> **How to complete this task**
Write the records out once more, so that nothing differs from the original.

> **Dataset**

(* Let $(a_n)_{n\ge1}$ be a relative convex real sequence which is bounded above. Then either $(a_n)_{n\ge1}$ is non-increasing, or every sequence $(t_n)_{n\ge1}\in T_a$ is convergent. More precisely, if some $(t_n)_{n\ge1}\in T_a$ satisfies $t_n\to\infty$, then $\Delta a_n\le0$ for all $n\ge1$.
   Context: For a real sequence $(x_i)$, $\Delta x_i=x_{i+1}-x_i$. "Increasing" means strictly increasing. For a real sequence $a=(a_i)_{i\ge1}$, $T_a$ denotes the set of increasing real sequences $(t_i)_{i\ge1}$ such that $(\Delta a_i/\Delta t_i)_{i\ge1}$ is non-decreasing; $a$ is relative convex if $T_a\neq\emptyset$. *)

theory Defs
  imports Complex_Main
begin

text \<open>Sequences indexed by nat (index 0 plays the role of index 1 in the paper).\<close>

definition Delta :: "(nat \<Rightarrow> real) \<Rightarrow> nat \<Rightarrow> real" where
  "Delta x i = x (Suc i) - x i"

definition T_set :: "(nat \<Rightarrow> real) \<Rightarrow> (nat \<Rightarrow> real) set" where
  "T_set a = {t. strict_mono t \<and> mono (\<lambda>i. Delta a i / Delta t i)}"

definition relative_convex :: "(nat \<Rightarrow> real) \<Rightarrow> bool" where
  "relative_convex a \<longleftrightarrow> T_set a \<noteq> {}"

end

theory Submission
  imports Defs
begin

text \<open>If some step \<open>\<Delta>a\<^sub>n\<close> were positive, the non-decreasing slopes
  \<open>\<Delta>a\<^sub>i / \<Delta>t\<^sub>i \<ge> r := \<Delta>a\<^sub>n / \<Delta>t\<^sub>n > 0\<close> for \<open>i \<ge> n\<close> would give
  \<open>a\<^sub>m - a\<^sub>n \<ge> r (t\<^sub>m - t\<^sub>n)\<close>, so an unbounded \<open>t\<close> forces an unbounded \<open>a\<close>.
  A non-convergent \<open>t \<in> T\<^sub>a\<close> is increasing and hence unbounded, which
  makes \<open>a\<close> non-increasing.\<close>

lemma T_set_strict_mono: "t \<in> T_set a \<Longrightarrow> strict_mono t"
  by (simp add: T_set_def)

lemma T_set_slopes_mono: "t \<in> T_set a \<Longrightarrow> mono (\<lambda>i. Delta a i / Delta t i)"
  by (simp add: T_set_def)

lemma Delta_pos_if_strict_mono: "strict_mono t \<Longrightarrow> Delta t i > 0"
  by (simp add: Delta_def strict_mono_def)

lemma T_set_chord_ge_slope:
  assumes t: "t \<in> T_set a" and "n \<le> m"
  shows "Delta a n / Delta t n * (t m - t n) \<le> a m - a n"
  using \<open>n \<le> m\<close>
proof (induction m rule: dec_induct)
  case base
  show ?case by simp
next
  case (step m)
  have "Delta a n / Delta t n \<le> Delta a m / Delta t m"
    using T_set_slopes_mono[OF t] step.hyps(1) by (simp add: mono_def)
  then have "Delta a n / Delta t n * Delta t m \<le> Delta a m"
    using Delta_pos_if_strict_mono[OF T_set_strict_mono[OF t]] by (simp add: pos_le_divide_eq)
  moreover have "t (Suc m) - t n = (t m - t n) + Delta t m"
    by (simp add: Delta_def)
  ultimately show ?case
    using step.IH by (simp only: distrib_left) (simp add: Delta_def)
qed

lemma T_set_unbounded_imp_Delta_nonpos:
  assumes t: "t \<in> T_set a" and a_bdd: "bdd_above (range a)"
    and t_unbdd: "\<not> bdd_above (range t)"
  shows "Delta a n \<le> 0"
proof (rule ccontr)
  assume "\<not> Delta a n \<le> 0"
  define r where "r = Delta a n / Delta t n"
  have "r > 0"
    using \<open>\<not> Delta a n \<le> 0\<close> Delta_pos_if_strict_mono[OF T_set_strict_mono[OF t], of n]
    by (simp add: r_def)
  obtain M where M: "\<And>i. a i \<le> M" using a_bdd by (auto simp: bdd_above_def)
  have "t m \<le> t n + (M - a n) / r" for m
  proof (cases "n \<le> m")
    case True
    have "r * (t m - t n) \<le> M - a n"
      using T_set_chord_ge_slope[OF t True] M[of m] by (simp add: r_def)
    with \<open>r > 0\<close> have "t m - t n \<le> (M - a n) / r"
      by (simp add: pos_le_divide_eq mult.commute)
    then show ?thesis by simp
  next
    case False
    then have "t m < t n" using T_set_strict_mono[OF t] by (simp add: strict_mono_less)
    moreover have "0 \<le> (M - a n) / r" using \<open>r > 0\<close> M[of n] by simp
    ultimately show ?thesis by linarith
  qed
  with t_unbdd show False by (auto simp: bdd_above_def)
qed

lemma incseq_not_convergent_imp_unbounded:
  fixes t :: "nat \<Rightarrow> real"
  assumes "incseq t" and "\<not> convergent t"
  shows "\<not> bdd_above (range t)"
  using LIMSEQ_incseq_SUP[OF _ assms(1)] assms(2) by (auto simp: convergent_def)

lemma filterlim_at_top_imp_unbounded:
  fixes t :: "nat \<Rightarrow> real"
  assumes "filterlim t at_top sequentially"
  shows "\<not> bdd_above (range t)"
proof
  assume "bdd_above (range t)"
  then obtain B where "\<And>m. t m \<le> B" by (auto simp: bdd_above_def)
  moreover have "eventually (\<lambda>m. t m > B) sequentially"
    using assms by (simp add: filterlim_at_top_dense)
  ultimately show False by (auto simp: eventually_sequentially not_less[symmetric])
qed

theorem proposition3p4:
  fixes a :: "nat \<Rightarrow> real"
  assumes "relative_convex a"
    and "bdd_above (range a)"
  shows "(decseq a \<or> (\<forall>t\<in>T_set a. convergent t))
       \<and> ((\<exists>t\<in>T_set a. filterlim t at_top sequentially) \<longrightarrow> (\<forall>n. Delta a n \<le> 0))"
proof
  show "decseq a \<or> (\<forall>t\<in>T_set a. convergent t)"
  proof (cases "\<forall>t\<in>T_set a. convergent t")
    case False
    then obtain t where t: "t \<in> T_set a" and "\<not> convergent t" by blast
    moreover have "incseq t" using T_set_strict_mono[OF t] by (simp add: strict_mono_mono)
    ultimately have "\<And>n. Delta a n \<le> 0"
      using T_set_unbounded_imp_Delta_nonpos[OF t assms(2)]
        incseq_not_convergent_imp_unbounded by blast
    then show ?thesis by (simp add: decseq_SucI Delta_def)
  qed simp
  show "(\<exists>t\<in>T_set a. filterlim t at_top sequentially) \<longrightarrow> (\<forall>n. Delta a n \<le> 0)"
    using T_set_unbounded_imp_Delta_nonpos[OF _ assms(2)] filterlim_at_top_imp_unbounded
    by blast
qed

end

> **Answer below**
(* Let $(a_n)_{n\ge1}$ be a relative convex real sequence which is bounded above. Then either $(a_n)_{n\ge1}$ is non-increasing, or every sequence $(t_n)_{n\ge1}\in T_a$ is convergent. More precisely, if some $(t_n)_{n\ge1}\in T_a$ satisfies $t_n\to\infty$, then $\Delta a_n\le0$ for all $n\ge1$.
   Context: For a real sequence $(x_i)$, $\Delta x_i=x_{i+1}-x_i$. "Increasing" means strictly increasing. For a real sequence $a=(a_i)_{i\ge1}$, $T_a$ denotes the set of increasing real sequences $(t_i)_{i\ge1}$ such that $(\Delta a_i/\Delta t_i)_{i\ge1}$ is non-decreasing; $a$ is relative convex if $T_a\neq\emptyset$. *)

theory Defs
  imports Complex_Main
begin

text \<open>Sequences indexed by nat (index 0 plays the role of index 1 in the paper).\<close>

definition Delta :: "(nat \<Rightarrow> real) \<Rightarrow> nat \<Rightarrow> real" where
  "Delta x i = x (Suc i) - x i"

definition T_set :: "(nat \<Rightarrow> real) \<Rightarrow> (nat \<Rightarrow> real) set" where
  "T_set a = {t. strict_mono t \<and> mono (\<lambda>i. Delta a i / Delta t i)}"

definition relative_convex :: "(nat \<Rightarrow> real) \<Rightarrow> bool" where
  "relative_convex a \<longleftrightarrow> T_set a \<noteq> {}"

end

theory Submission
  imports Defs
begin

text \<open>If some step \<open>\<Delta>a\<^sub>n\<close> were positive, the non-decreasing slopes
  \<open>\<Delta>a\<^sub>i / \<Delta>t\<^sub>i \<ge> r := \<Delta>a\<^sub>n / \<Delta>t\<^sub>n > 0\<close> for \<open>i \<ge> n\<close> would give
  \<open>a\<^sub>m - a\<^sub>n \<ge> r (t\<^sub>m - t\<^sub>n)\<close>, so an unbounded \<open>t\<close> forces an unbounded \<open>a\<close>.
  A non-convergent \<open>t \<in> T\<^sub>a\<close> is increasing and hence unbounded, which
  makes \<open>a\<close> non-increasing.\<close>

lemma T_set_strict_mono: "t \<in> T_set a \<Longrightarrow> strict_mono t"
  by (simp add: T_set_def)

lemma T_set_slopes_mono: "t \<in> T_set a \<Longrightarrow> mono (\<lambda>i. Delta a i / Delta t i)"
  by (simp add: T_set_def)

lemma Delta_pos_if_strict_mono: "strict_mono t \<Longrightarrow> Delta t i > 0"
  by (simp add: Delta_def strict_mono_def)

lemma T_set_chord_ge_slope:
  assumes t: "t \<in> T_set a" and "n \<le> m"
  shows "Delta a n / Delta t n * (t m - t n) \<le> a m - a n"
  using \<open>n \<le> m\<close>
proof (induction m rule: dec_induct)
  case base
  show ?case by simp
next
  case (step m)
  have "Delta a n / Delta t n \<le> Delta a m / Delta t m"
    using T_set_slopes_mono[OF t] step.hyps(1) by (simp add: mono_def)
  then have "Delta a n / Delta t n * Delta t m \<le> Delta a m"
    using Delta_pos_if_strict_mono[OF T_set_strict_mono[OF t]] by (simp add: pos_le_divide_eq)
  moreover have "t (Suc m) - t n = (t m - t n) + Delta t m"
    by (simp add: Delta_def)
  ultimately show ?case
    using step.IH by (simp only: distrib_left) (simp add: Delta_def)
qed

lemma T_set_unbounded_imp_Delta_nonpos:
  assumes t: "t \<in> T_set a" and a_bdd: "bdd_above (range a)"
    and t_unbdd: "\<not> bdd_above (range t)"
  shows "Delta a n \<le> 0"
proof (rule ccontr)
  assume "\<not> Delta a n \<le> 0"
  define r where "r = Delta a n / Delta t n"
  have "r > 0"
    using \<open>\<not> Delta a n \<le> 0\<close> Delta_pos_if_strict_mono[OF T_set_strict_mono[OF t], of n]
    by (simp add: r_def)
  obtain M where M: "\<And>i. a i \<le> M" using a_bdd by (auto simp: bdd_above_def)
  have "t m \<le> t n + (M - a n) / r" for m
  proof (cases "n \<le> m")
    case True
    have "r * (t m - t n) \<le> M - a n"
      using T_set_chord_ge_slope[OF t True] M[of m] by (simp add: r_def)
    with \<open>r > 0\<close> have "t m - t n \<le> (M - a n) / r"
      by (simp add: pos_le_divide_eq mult.commute)
    then show ?thesis by simp
  next
    case False
    then have "t m < t n" using T_set_strict_mono[OF t] by (simp add: strict_mono_less)
    moreover have "0 \<le> (M - a n) / r" using \<open>r > 0\<close> M[of n] by simp
    ultimately show ?thesis by linarith
  qed
  with t_unbdd show False by (auto simp: bdd_above_def)
qed

lemma incseq_not_convergent_imp_unbounded:
  fixes t :: "nat \<Rightarrow> real"
  assumes "incseq t" and "\<not> convergent t"
  shows "\<not> bdd_above (range t)"
  using LIMSEQ_incseq_SUP[OF _ assms(1)] assms(2) by (auto simp: convergent_def)

lemma filterlim_at_top_imp_unbounded:
  fixes t :: "nat \<Rightarrow> real"
  assumes "filterlim t at_top sequentially"
  shows "\<not> bdd_above (range t)"
proof
  assume "bdd_above (range t)"
  then obtain B where "\<And>m. t m \<le> B" by (auto simp: bdd_above_def)
  moreover have "eventually (\<lambda>m. t m > B) sequentially"
    using assms by (simp add: filterlim_at_top_dense)
  ultimately show False by (auto simp: eventually_sequentially not_less[symmetric])
qed

theorem proposition3p4:
  fixes a :: "nat \<Rightarrow> real"
  assumes "relative_convex a"
    and "bdd_above (range a)"
  shows "(decseq a \<or> (\<forall>t\<in>T_set a. convergent t))
       \<and> ((\<exists>t\<in>T_set a. filterlim t at_top sequentially) \<longrightarrow> (\<forall>n. Delta a n \<le> 0))"
proof
  show "decseq a \<or> (\<forall>t\<in>T_set a. convergent t)"
  proof (cases "\<forall>t\<in>T_set a. convergent t")
    case False
    then obtain t where t: "t \<in> T_set a" and "\<not> convergent t" by blast
    moreover have "incseq t" using T_set_strict_mono[OF t] by (simp add: strict_mono_mono)
    ultimately have "\<And>n. Delta a n \<le> 0"
      using T_set_unbounded_imp_Delta_nonpos[OF t assms(2)]
        incseq_not_convergent_imp_unbounded by blast
    then show ?thesis by (simp add: decseq_SucI Delta_def)
  qed simp
  show "(\<exists>t\<in>T_set a. filterlim t at_top sequentially) \<longrightarrow> (\<forall>n. Delta a n \<le> 0)"
    using T_set_unbounded_imp_Delta_nonpos[OF _ assms(2)] filterlim_at_top_imp_unbounded
    by blast
qed

end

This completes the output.